• [EXERCISE PROMPT]
As you look over the data below, please find each line where the word "rule" appears, then copy it.

• [RECORDED DATA]
(* Let $\Lambda$ be a $d$-partition of $\{1,\dots,N\}$ and let $r^{(n)}_N(x,z)=\mathbb P^\circ(X_N(n)=z\mid X_N(0)=x)$ denote the $n$-step transition probabilities of the associated lumped chain. (i) For all $0<n\le N$, all $x\in\mathcal S_d$ and all $z\in\Gamma_{N,d}$ with $\mathrm{dist}(x,z)=n$, $$r^{(n)}_N(x,z)=\frac{n!}{N^n}\frac{\mathbb Q_N(z)}{\mathbb Q_N(x)}.$$ (ii) Let $n\ge0$, let $m\ge1$ be such that $p=(n+2-m)/2$ is a nonnegative integer. Then for all $x\in\mathcal S_d$ and all $z\in\Gamma_{N,d}$ with $\mathrm{dist}(x,z)=m$, $$r^{(n+2)}_N(x,z)\le r^{(m)}_N(x,z)\frac1{N^p}\frac{(m+2p)!}{m!\,p!}.$$
   Context: Let $(\sigma_N(t))$ be the discrete-time simple random walk on $\{-1,1\}^N$ (jump to each Hamming neighbour with probability $1/N$). For a partition $\Lambda$ of $\{1,\dots,N\}$ into nonempty classes $\Lambda_1,\dots,\Lambda_d$, let $\gamma_k(\sigma)=|\Lambda_k|^{-1}\sum_{i\in\Lambda_k}\sigma_i$, $\gamma=(\gamma_1,\dots,\gamma_d)$, $\Gamma_{N,d}=\gamma(\{-1,1\}^N)$, $\mathcal S_d=\{-1,1\}^d$. The lumped chain $X_N(t)=\gamma(\sigma_N(t))$ is a Markov chain on $\Gamma_{N,d}$ with transition probabilities $r_N(x,x+s\frac2{|\Lambda_k|}u_k)=\frac{|\Lambda_k|}N\frac{1-sx_k}2$ ($s=\pm1$, $u_k$ canonical basis) and reversible measure $\mathbb Q_N(x)=2^{-N}\prod_k\binom{|\Lambda_k|}{|\Lambda_k|(1+x_k)/2}$. $\mathrm{dist}(x,y)=\sum_k\frac{|\Lambda_k|}2|x_k-y_k|$. *)

theory Defs
  imports Complex_Main
begin

definition is_partition :: "nat \<Rightarrow> nat \<Rightarrow> (nat \<Rightarrow> nat set) \<Rightarrow> bool" where
  "is_partition N d Lam \<longleftrightarrow>
     (\<forall>k<d. Lam k \<noteq> {} \<and> Lam k \<subseteq> {1..N}) \<and>
     (\<forall>k<d. \<forall>l<d. k \<noteq> l \<longrightarrow> Lam k \<inter> Lam l = {}) \<and>
     (\<Union>k<d. Lam k) = {1..N}"

definition spins :: "nat \<Rightarrow> (nat \<Rightarrow> real) set" where
  "spins N = {\<sigma>. \<forall>i. (i \<in> {1..N} \<longrightarrow> \<sigma> i \<in> {-1, 1}) \<and> (i \<notin> {1..N} \<longrightarrow> \<sigma> i = 0)}"

text \<open>Block magnetisation gamma; vectors in R^d are functions vanishing at indices \<ge> d.\<close>
definition gamma :: "nat \<Rightarrow> (nat \<Rightarrow> nat set) \<Rightarrow> (nat \<Rightarrow> real) \<Rightarrow> (nat \<Rightarrow> real)" where
  "gamma d Lam \<sigma> = (\<lambda>k. if k < d then (\<Sum>i\<in>Lam k. \<sigma> i) / real (card (Lam k)) else 0)"

definition Gamma :: "nat \<Rightarrow> nat \<Rightarrow> (nat \<Rightarrow> nat set) \<Rightarrow> (nat \<Rightarrow> real) set" where
  "Gamma N d Lam = gamma d Lam ` spins N"

definition Sd :: "nat \<Rightarrow> (nat \<Rightarrow> real) set" where
  "Sd d = {x. \<forall>k. (k < d \<longrightarrow> x k \<in> {-1, 1}) \<and> (d \<le> k \<longrightarrow> x k = 0)}"

definition rN :: "nat \<Rightarrow> nat \<Rightarrow> (nat \<Rightarrow> nat set) \<Rightarrow> (nat \<Rightarrow> real) \<Rightarrow> (nat \<Rightarrow> real) \<Rightarrow> real" where
  "rN N d Lam x y = (\<Sum>k<d. \<Sum>s\<in>{-1, 1::real}.
      if y = x(k := x k + s * 2 / real (card (Lam k)))
      then real (card (Lam k)) / real N * (1 - s * x k) / 2 else 0)"

fun rn :: "nat \<Rightarrow> nat \<Rightarrow> (nat \<Rightarrow> nat set) \<Rightarrow> nat \<Rightarrow> (nat \<Rightarrow> real) \<Rightarrow> (nat \<Rightarrow> real) \<Rightarrow> real" where
  "rn N d Lam 0 x z = (if x = z then 1 else 0)"
| "rn N d Lam (Suc n) x z = (\<Sum>y\<in>Gamma N d Lam. rN N d Lam x y * rn N d Lam n y z)"

text \<open>Reversible measure Q_N(x) = 2^-N prod_k binom(|Lam_k|, |Lam_k|(1+x_k)/2)
  (the lower index is an integer on Gamma).\<close>
definition QN :: "nat \<Rightarrow> nat \<Rightarrow> (nat \<Rightarrow> nat set) \<Rightarrow> (nat \<Rightarrow> real) \<Rightarrow> real" where
  "QN N d Lam x = (1 / 2 ^ N) *
     (\<Prod>k<d. real (card (Lam k) choose nat (round (real (card (Lam k)) * (1 + x k) / 2))))"

definition distL :: "nat \<Rightarrow> (nat \<Rightarrow> nat set) \<Rightarrow> (nat \<Rightarrow> real) \<Rightarrow> (nat \<Rightarrow> real) \<Rightarrow> real" where
  "distL d Lam x y = (\<Sum>k<d. real (card (Lam k)) / 2 * \<bar>x k - y k\<bar>)"

end

theory Submission
  imports Defs
begin

text \<open>Fix the corner \<open>x\<close> and, for \<open>z \<in> \<Gamma>\<close>, let \<open>D\<^sub>k(z)\<close> be the number of spins in
  block \<open>k\<close> disagreeing with \<open>x\<close>. Then \<open>dist(x,z) = \<Sum>\<^sub>k D\<^sub>k(z)\<close> and
  \<open>Q(z)/Q(x) = \<Prod>\<^sub>k binom(|\<Lambda>\<^sub>k|, D\<^sub>k(z))\<close>. Decomposing on the last step,
  \<open>N r^(L+1)(x,z)\<close> is the sum over \<open>k\<close> of \<open>(|\<Lambda>\<^sub>k| - D\<^sub>k + 1) r^(L)(x,z')\<close>, for the
  neighbour \<open>z'\<close> one step closer to \<open>x\<close> in block \<open>k\<close>, and of \<open>(D\<^sub>k + 1) r^(L)(x,z'')\<close>,
  for the neighbour \<open>z''\<close> one step farther. Every step changes the distance by one, so
  \<open>r^(L)(x,z) = 0\<close> unless \<open>L = dist(x,z) + 2p\<close>. Using
  \<open>binom(c,a) (c - a) = binom(c,a+1) (a + 1)\<close>, induction on \<open>L\<close> gives the exact value
  \<open>L! Q(z) / (N^L Q(x))\<close> when \<open>p = 0\<close> and the bound \<open>L! Q(z) / (p! N^(m+p) Q(x))\<close>,
  \<open>m = dist(x,z)\<close>, in general; dividing the two yields (ii).\<close>

locale lumped_chain =
  fixes N d :: nat and Lam :: "nat \<Rightarrow> nat set"
  assumes partition: "is_partition N d Lam" and d_pos: "0 < d"
begin

abbreviation \<Gamma> :: "(nat \<Rightarrow> real) set" where "\<Gamma> \<equiv> Gamma N d Lam"
abbreviation bsize :: "nat \<Rightarrow> nat" where "bsize k \<equiv> card (Lam k)"

lemma block_subset: "k < d \<Longrightarrow> Lam k \<subseteq> {1..N}"
  using partition unfolding is_partition_def by auto

lemma blocks_disjoint: "k < d \<Longrightarrow> l < d \<Longrightarrow> k \<noteq> l \<Longrightarrow> Lam k \<inter> Lam l = {}"
  using partition unfolding is_partition_def by auto

lemma blocks_cover: "(\<Union>k<d. Lam k) = {1..N}"
  using partition unfolding is_partition_def by auto

lemma finite_block: "k < d \<Longrightarrow> finite (Lam k)"
  using block_subset finite_subset by blast

lemma bsize_pos: "k < d \<Longrightarrow> 0 < bsize k"
  using partition finite_block unfolding is_partition_def by (simp add: card_gt_0_iff)

lemma sum_bsize: "(\<Sum>k<d. bsize k) = N"
proof -
  have "card (\<Union>k<d. Lam k) = (\<Sum>k<d. bsize k)"
    by (rule card_UN_disjoint) (auto simp: finite_block blocks_disjoint)
  then show ?thesis using blocks_cover by simp
qed

lemma N_pos: "0 < N"
  using member_le_sum[of 0 "{..<d}" bsize] sum_bsize bsize_pos[OF d_pos] d_pos by simp

lemma finite_Gamma: "finite \<Gamma>"
  unfolding Gamma_def spins_def by (intro finite_imageI finite_set_of_finite_funs) auto

lemma Gamma_beyond_d: "z \<in> \<Gamma> \<Longrightarrow> d \<le> k \<Longrightarrow> z k = 0"
  unfolding Gamma_def gamma_def by auto

lemma Gamma_block_count:
  assumes "z \<in> \<Gamma>" "k < d"
  obtains a where "a \<le> bsize k" "real (bsize k) * (1 + z k) / 2 = real a"
proof -
  obtain \<sigma> where \<sigma>: "\<sigma> \<in> spins N" and z: "z = gamma d Lam \<sigma>"
    using assms(1) unfolding Gamma_def by auto
  define A where "A = {i \<in> Lam k. \<sigma> i = 1}"
  have spin: "\<sigma> i = (if i \<in> A then 1 else -1)" if "i \<in> Lam k" for i
    using that \<sigma> block_subset[OF assms(2)] unfolding spins_def A_def by force
  have "(\<Sum>i\<in>Lam k. \<sigma> i) = (\<Sum>i\<in>Lam k. (if i \<in> A then 2 else 0) - 1)"
    by (intro sum.cong) (auto simp: spin)
  also have "\<dots> = 2 * real (card A) - real (bsize k)"
    using finite_block[OF assms(2)]
    by (simp add: sum_subtractf sum.If_cases A_def Int_absorb1 Int_def)
  finally have "real (bsize k) * (1 + z k) / 2 = real (card A)"
    using bsize_pos[OF assms(2)] z assms(2) unfolding gamma_def by (simp add: field_simps)
  moreover have "card A \<le> bsize k"
    unfolding A_def using finite_block[OF assms(2)] by (intro card_mono) auto
  ultimately show ?thesis using that by blast
qed

text \<open>Flipping a spin of sign \<open>-s\<close> in block \<open>k\<close>, which exists unless \<open>z k = s\<close>.\<close>
lemma Gamma_flip:
  assumes "z \<in> \<Gamma>" "k < d" "s \<in> {-1, 1}" "s * z k \<noteq> 1"
  shows "z(k := z k + s * 2 / real (bsize k)) \<in> \<Gamma>"
proof -
  obtain \<sigma> where \<sigma>: "\<sigma> \<in> spins N" and z: "z = gamma d Lam \<sigma>"
    using assms(1) unfolding Gamma_def by auto
  have c_pos: "real (bsize k) > 0" using bsize_pos[OF assms(2)] by simp
  have zk: "z k = (\<Sum>i\<in>Lam k. \<sigma> i) / real (bsize k)"
    using z assms(2) unfolding gamma_def by simp
  obtain i where i: "i \<in> Lam k" "\<sigma> i \<noteq> s"
  proof (rule ccontr)
    assume "\<not> thesis"
    then have "(\<Sum>i\<in>Lam k. \<sigma> i) = (\<Sum>i\<in>Lam k. s)"
      using that by (intro sum.cong) auto
    then have "z k = s" using zk c_pos by simp
    then show False using assms(3,4) by auto
  qed
  have iN: "i \<in> {1..N}" using i block_subset[OF assms(2)] by auto
  have \<sigma>i: "\<sigma> i = - s" using i(2) \<sigma> iN assms(3) unfolding spins_def by auto
  have flip: "\<sigma>(i := s) \<in> spins N" using \<sigma> iN assms(3) unfolding spins_def by auto
  have "gamma d Lam (\<sigma>(i := s)) j = (z(k := z k + s * 2 / real (bsize k))) j" for j
  proof -
    consider "j = k" | "j < d" "j \<noteq> k" | "d \<le> j" using assms(2) by linarith
    then show ?thesis
    proof cases
      case 1
      have "(\<Sum>l\<in>Lam k. (\<sigma>(i := s)) l) = (\<Sum>l\<in>Lam k. \<sigma> l) + 2 * s"
        using sum.remove[OF finite_block[OF assms(2)] i(1), of "\<sigma>(i := s)"]
          sum.remove[OF finite_block[OF assms(2)] i(1), of \<sigma>] \<sigma>i
        by (simp add: sum.cong[of "Lam k - {i}" _ "\<sigma>(i := s)" \<sigma>])
      then show ?thesis using 1 assms(2) zk unfolding gamma_def by (simp add: add_divide_distrib)
    next
      case 2
      then have "i \<notin> Lam j" using blocks_disjoint[of j k] assms(2) i(1) by auto
      then show ?thesis using 2 z unfolding gamma_def by (auto intro: sum.cong)
    next
      case 3
      then show ?thesis using assms(2) z unfolding gamma_def by simp
    qed
  qed
  then have "gamma d Lam (\<sigma>(i := s)) = z(k := z k + s * 2 / real (bsize k))"
    by (rule ext)
  then show ?thesis using flip unfolding Gamma_def by (metis rev_image_eqI)
qed

lemma Sd_subset_Gamma: "Sd d \<subseteq> \<Gamma>"
proof
  fix x assume x: "x \<in> Sd d"
  define block where "block i = (THE k. k < d \<and> i \<in> Lam k)" for i
  have block: "block i = k" if "k < d" "i \<in> Lam k" for i k
    unfolding block_def using that blocks_disjoint by (intro the_equality) auto
  define \<sigma> where "\<sigma> i = (if i \<in> {1..N} then x (block i) else 0)" for i
  have "\<sigma> i \<in> {-1, 1}" if i: "i \<in> {1..N}" for i
  proof -
    obtain k where k: "k < d" "i \<in> Lam k"
      using i blocks_cover by blast
    then have "\<sigma> i = x k" using i block unfolding \<sigma>_def by simp
    then show ?thesis using k(1) x unfolding Sd_def by simp
  qed
  then have "\<sigma> \<in> spins N" unfolding spins_def by (simp add: \<sigma>_def)
  moreover have "gamma d Lam \<sigma> = x"
  proof
    fix k
    show "gamma d Lam \<sigma> k = x k"
    proof (cases "k < d")
      case True
      have "(\<Sum>i\<in>Lam k. \<sigma> i) = (\<Sum>i\<in>Lam k. x k)"
        using block[OF True] block_subset[OF True] unfolding \<sigma>_def by (intro sum.cong) auto
      then show ?thesis using True bsize_pos[OF True] unfolding gamma_def by simp
    next
      case False
      then show ?thesis using x unfolding gamma_def Sd_def by simp
    qed
  qed
  ultimately show "x \<in> \<Gamma>" unfolding Gamma_def by (metis rev_image_eqI)
qed

lemma rn_outside_Gamma: "y \<in> \<Gamma> \<Longrightarrow> z \<notin> \<Gamma> \<Longrightarrow> rn N d Lam n y z = 0"
  by (induction n arbitrary: y) auto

• [YOUR RESPONSE]
    by (rule card_UN_disjoint) (auto simp: finite_block blocks_disjoint)
  proof (rule ccontr)
    by (rule ext)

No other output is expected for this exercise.